Imagine being at a large, crowded concert. Everyone is screaming and singing along to the music. You turn to your significant other and say how awesome the concert is. Even though you’re right next to each other, you can barely hear one another.
The people around you and the band playing is called the noise floor. That is what would be the ambient noise for the duration of the concert.
You would have to speak above the noise floor for your partner to hear and understand what you’re saying. The difference between your voice and the noise floor is what SNR is.
It’s important to know that the receiving person not only HEAR you but also UNDERSTAND. This is comparable to saying a wireless radio has signal, but can’t demodulate a signal from an access point. The device radio must be able to demodulate in order to understand the bits.
Signal-To-Noise Ratio
SNR stands for Signal-to-Noise Ratio. SNR is a comparison of the signal to the background noise or otherwise known as noise floor. In fact, it’s not actually a ratio at all.
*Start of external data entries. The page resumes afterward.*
(* Let $\theta_1,\theta_2>0$ and consider on $[0,1]^3$ the system $\dot x = x(1-x)(0.5ry-0.5y+0.5)$, $\dot y = y(1-y)(0.5rx-0.5x-0.5r)$, $\dot r = r(1-r)[(1+\theta_1)x+(1+\theta_2)y-2]$. For every initial condition $(x_0,y_0,r_0)\in(0,1)^3$, the solution satisfies $x(t)\to1$ and $y(t)\to0$ as $t\to\infty$; moreover $r(t)\to1$ if $\theta_1>1$, $r(t)\to0$ if $\theta_1<1$, and if $\theta_1=1$ the solution converges to a point of the segment $\{(1,0,r):r\in[0,1]\}$.
   Context: This is the two-population replicator system with environmental feedback for the payoff matrices $A(r)=\begin{bmatrix}0.5r&1\\0&0.5\end{bmatrix}$ (population 1) and $B(r)=\begin{bmatrix}0.5&0\\1&0.5r\end{bmatrix}$ (population 2); $x,y$ are the fractions of strategy 1 in populations 1 and 2 and $r\in[0,1]$ is the environmental state. *)

theory Defs
  imports Complex_Main
begin

definition fx :: "real \<Rightarrow> real \<Rightarrow> real \<Rightarrow> real" where
  "fx x y r = x * (1 - x) * (0.5 * r * y - 0.5 * y + 0.5)"

definition fy :: "real \<Rightarrow> real \<Rightarrow> real \<Rightarrow> real" where
  "fy x y r = y * (1 - y) * (0.5 * r * x - 0.5 * x - 0.5 * r)"

definition fr :: "real \<Rightarrow> real \<Rightarrow> real \<Rightarrow> real \<Rightarrow> real \<Rightarrow> real" where
  "fr \<theta>1 \<theta>2 x y r = r * (1 - r) * ((1 + \<theta>1) * x + (1 + \<theta>2) * y - 2)"

definition is_solution ::
  "real \<Rightarrow> real \<Rightarrow> (real \<Rightarrow> real) \<Rightarrow> (real \<Rightarrow> real) \<Rightarrow> (real \<Rightarrow> real) \<Rightarrow> bool" where
  "is_solution \<theta>1 \<theta>2 x y r \<longleftrightarrow>
     (\<forall>t\<ge>0. (x has_real_derivative fx (x t) (y t) (r t)) (at t within {0..}) \<and>
             (y has_real_derivative fy (x t) (y t) (r t)) (at t within {0..}) \<and>
             (r has_real_derivative fr \<theta>1 \<theta>2 (x t) (y t) (r t)) (at t within {0..}))"

end

theory Submission
  imports Defs "HOL-Analysis.Analysis"
begin

text \<open>Each equation has the logistic form \<open>g' = g (1 - g) k\<close>, for \<open>g = x\<close>, \<open>1 - y\<close> and \<open>r\<close>,
  with gains \<open>k\<close> bounded on the unit cube; hence no coordinate can leave \<open>(0, 1)\<close>. Inside the
  cube \<open>x\<close> increases and \<open>y\<close> decreases, which keeps their gains bounded away from zero, so
  \<open>x \<rightarrow> 1\<close> and \<open>y \<rightarrow> 0\<close>. The gain of \<open>r\<close> then tends to \<open>\<theta>1 - 1\<close>, which drives \<open>r\<close> to \<open>1\<close> or
  \<open>0\<close> unless \<open>\<theta>1 = 1\<close>; in that borderline case the logit of \<open>r\<close> is squeezed between two
  monotone envelopes and converges.\<close>

lemma continuous_on_if_deriv_within:
  fixes g g' :: "real \<Rightarrow> real"
  assumes "\<And>t. 0 \<le> t \<Longrightarrow> (g has_real_derivative g' t) (at t within {0..})"
  shows "continuous_on {0..} g"
proof -
  have "continuous (at t within {0..}) g" if "t \<in> {0..}" for t
    using DERIV_continuous[OF assms[of t]] that by simp
  then show ?thesis unfolding continuous_on_eq_continuous_within by blast
qed

lemma le_if_deriv_within_nonneg:
  fixes g g' :: "real \<Rightarrow> real"
  assumes deriv: "\<And>t. 0 \<le> t \<Longrightarrow> (g has_real_derivative g' t) (at t within {0..})"
    and "0 \<le> a" "a \<le> b" and nonneg: "\<And>t. a < t \<Longrightarrow> t < b \<Longrightarrow> 0 \<le> g' t"
  shows "g a \<le> g b"
proof (rule DERIV_nonneg_imp_increasing_open[OF \<open>a \<le> b\<close>])
  fix t assume "a < t" "t < b"
  with \<open>0 \<le> a\<close> have "(g has_real_derivative g' t) (at t within {0<..})"
    by (intro has_field_derivative_subset[OF deriv]) auto
  moreover have "at t within {0<..} = at t"
    using \<open>a < t\<close> \<open>0 \<le> a\<close> by (intro at_within_open) auto
  ultimately show "\<exists>D. (g has_real_derivative D) (at t) \<and> 0 \<le> D"
    using nonneg[of t] \<open>a < t\<close> \<open>t < b\<close> by auto
next
  have "continuous_on {0..} g"
    using deriv by (rule continuous_on_if_deriv_within)
  then show "continuous_on {a..b} g"
    by (rule continuous_on_subset) (use \<open>0 \<le> a\<close> in auto)
qed

lemma linear_growth_if_deriv_within_ge:
  fixes g g' :: "real \<Rightarrow> real"
  assumes deriv: "\<And>t. 0 \<le> t \<Longrightarrow> (g has_real_derivative g' t) (at t within {0..})"
    and "0 \<le> u" "u \<le> t" and ge: "\<And>s. u < s \<Longrightarrow> s < t \<Longrightarrow> \<delta> \<le> g' s"
  shows "g u + \<delta> * (t - u) \<le> g t"
proof -
  have "g u - \<delta> * u \<le> g t - \<delta> * t"
    by (rule le_if_deriv_within_nonneg[where g' = "\<lambda>s. g' s - \<delta>", OF _ \<open>0 \<le> u\<close> \<open>u \<le> t\<close>])
      (use deriv ge in \<open>auto intro!: derivative_eq_intros\<close>)
  then show ?thesis by (simp add: algebra_simps)
qed

text \<open>The hypothesis makes \<open>g t * exp (c t)\<close> nondecreasing.\<close>
lemma pos_if_deriv_within_ge_neg_mult:
  fixes g g' :: "real \<Rightarrow> real"
  assumes deriv: "\<And>t. 0 \<le> t \<Longrightarrow> (g has_real_derivative g' t) (at t within {0..})"
    and "0 \<le> T" "0 < g 0" and ge: "\<And>t. 0 < t \<Longrightarrow> t < T \<Longrightarrow> - c * g t \<le> g' t"
  shows "0 < g T"
proof -
  have "g 0 * exp (c * 0) \<le> g T * exp (c * T)"
  proof (rule le_if_deriv_within_nonneg[OF _ order_refl \<open>0 \<le> T\<close>])
    fix t :: real assume "0 \<le> t"
    show "((\<lambda>t. g t * exp (c * t)) has_real_derivative exp (c * t) * (g' t + c * g t))
        (at t within {0..})"
      using deriv[OF \<open>0 \<le> t\<close>] by (auto intro!: derivative_eq_intros simp: algebra_simps)
  next
    fix t :: real assume "0 < t" "t < T"
    then show "0 \<le> exp (c * t) * (g' t + c * g t)" using ge[of t] by simp
  qed
  with \<open>0 < g 0\<close> have "0 < g T * exp (c * T)" by simp
  then show ?thesis by (simp add: zero_less_mult_iff)
qed

lemma stays_in_open_if_no_first_exit:
  fixes f :: "real \<Rightarrow> 'a::topological_space"
  assumes "continuous_on {0..} f" "open S"
    and no_exit: "\<And>T. 0 \<le> T \<Longrightarrow> (\<And>s. 0 \<le> s \<Longrightarrow> s < T \<Longrightarrow> f s \<in> S) \<Longrightarrow> f T \<in> S"
    and "0 \<le> t"
  shows "f t \<in> S"
proof (rule ccontr)
  assume "f t \<notin> S"
  define B where "B = {0..} \<inter> f -` (- S)"
  have "B \<noteq> {}" using \<open>0 \<le> t\<close> \<open>f t \<notin> S\<close> by (auto simp: B_def)
  moreover have "bdd_below B" by (auto simp: B_def intro: bdd_belowI[of _ 0])
  moreover have "closed B"
    unfolding B_def using assms(1,2) by (intro continuous_closed_preimage) auto
  ultimately have "Inf B \<in> B" by (rule closed_contains_Inf)
  moreover have "f s \<in> S" if "0 \<le> s" "s < Inf B" for s
    using cInf_lower[OF _ \<open>bdd_below B\<close>, of s] that by (force simp: B_def)
  ultimately show False using no_exit[of "Inf B"] by (auto simp: B_def)
qed

lemma logistic_rate_bounds:
  fixes g k K :: real
  assumes "0 \<le> g" "g \<le> 1" "\<bar>k\<bar> \<le> K"
  shows "- K * g \<le> g * (1 - g) * k" and "- K * (1 - g) \<le> - (g * (1 - g) * k)"
proof -
  have "\<bar>g * (1 - g) * k\<bar> = g * (1 - g) * \<bar>k\<bar>" using assms by (simp add: abs_mult)
  also have "\<dots> \<le> g * (1 - g) * K" using assms by (intro mult_left_mono) auto
  finally have bound: "\<bar>g * (1 - g) * k\<bar> \<le> g * (1 - g) * K" .
  have "0 \<le> K" using assms(3) by linarith
  then have "g * (1 - g) * K \<le> g * K" "g * (1 - g) * K \<le> (1 - g) * K"
    using assms by (auto intro!: mult_right_mono simp: mult_left_le mult_left_le_one_le)
  with bound show "- K * g \<le> g * (1 - g) * k" "- K * (1 - g) \<le> - (g * (1 - g) * k)"
    by (auto simp: abs_le_iff algebra_simps)
qed

lemma logistic_stays_in_unit_interval:
  fixes g k :: "real \<Rightarrow> real"
  assumes deriv: "\<And>t. 0 \<le> t \<Longrightarrow> (g has_real_derivative g t * (1 - g t) * k t) (at t within {0..})"
    and "0 \<le> T" and initial: "g 0 \<in> {0<..<1}"
    and bounded: "\<And>t. 0 < t \<Longrightarrow> t < T \<Longrightarrow> g t \<in> {0<..<1} \<and> \<bar>k t\<bar> \<le> K"
  shows "g T \<in> {0<..<1}"
proof -
  have "0 < g T"
  proof (rule pos_if_deriv_within_ge_neg_mult[where c = K, OF deriv \<open>0 \<le> T\<close>])
    fix t :: real assume "0 < t" "t < T"
    then show "- K * g t \<le> g t * (1 - g t) * k t"
      using bounded[of t] by (intro logistic_rate_bounds) auto
  qed (use initial in auto)
  moreover have "0 < 1 - g T"
  proof (rule pos_if_deriv_within_ge_neg_mult[where c = K, OF _ \<open>0 \<le> T\<close>])
    fix t :: real assume "0 \<le> t"
    show "((\<lambda>t. 1 - g t) has_real_derivative - (g t * (1 - g t) * k t)) (at t within {0..})"
      using deriv[OF \<open>0 \<le> t\<close>] by (auto intro!: derivative_eq_intros)
  next
    fix t :: real assume "0 < t" "t < T"
    then show "- K * (1 - g t) \<le> - (g t * (1 - g t) * k t)"
      using bounded[of t] by (intro logistic_rate_bounds) auto
  qed (use initial in auto)
  ultimately show ?thesis by simp
qed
If the signal level is near the noise floor level then we witness data corruption. Not only is this bad for the sending and receiving radio, but also for surrounding radios (clients). The sender, such as an access point, will need to retransmit the frames back to the receiver because of data corruption. This is more known as retry rates.
A large retry rate decreases throughput. Everyone gets less airtime because of those retransmissions. Thus the wireless network appears slow, if not unusable. Frame retry rates as high as or above 15% should be looked into. And this could be a result of interference from neighboring access points, large number of clients, microwave ovens, bluetooth headsets, and other interferers.
Ideally, you want to aim for a higher SNR. I’d say 20 dB or greater is good SNR. Greater than 40 dB is even better!
Recommended minimum SNR for data is 18 dB and for voice over wifi it is 25 dB. As more interference is introduced, the SNR decreases because it raises the noise floor.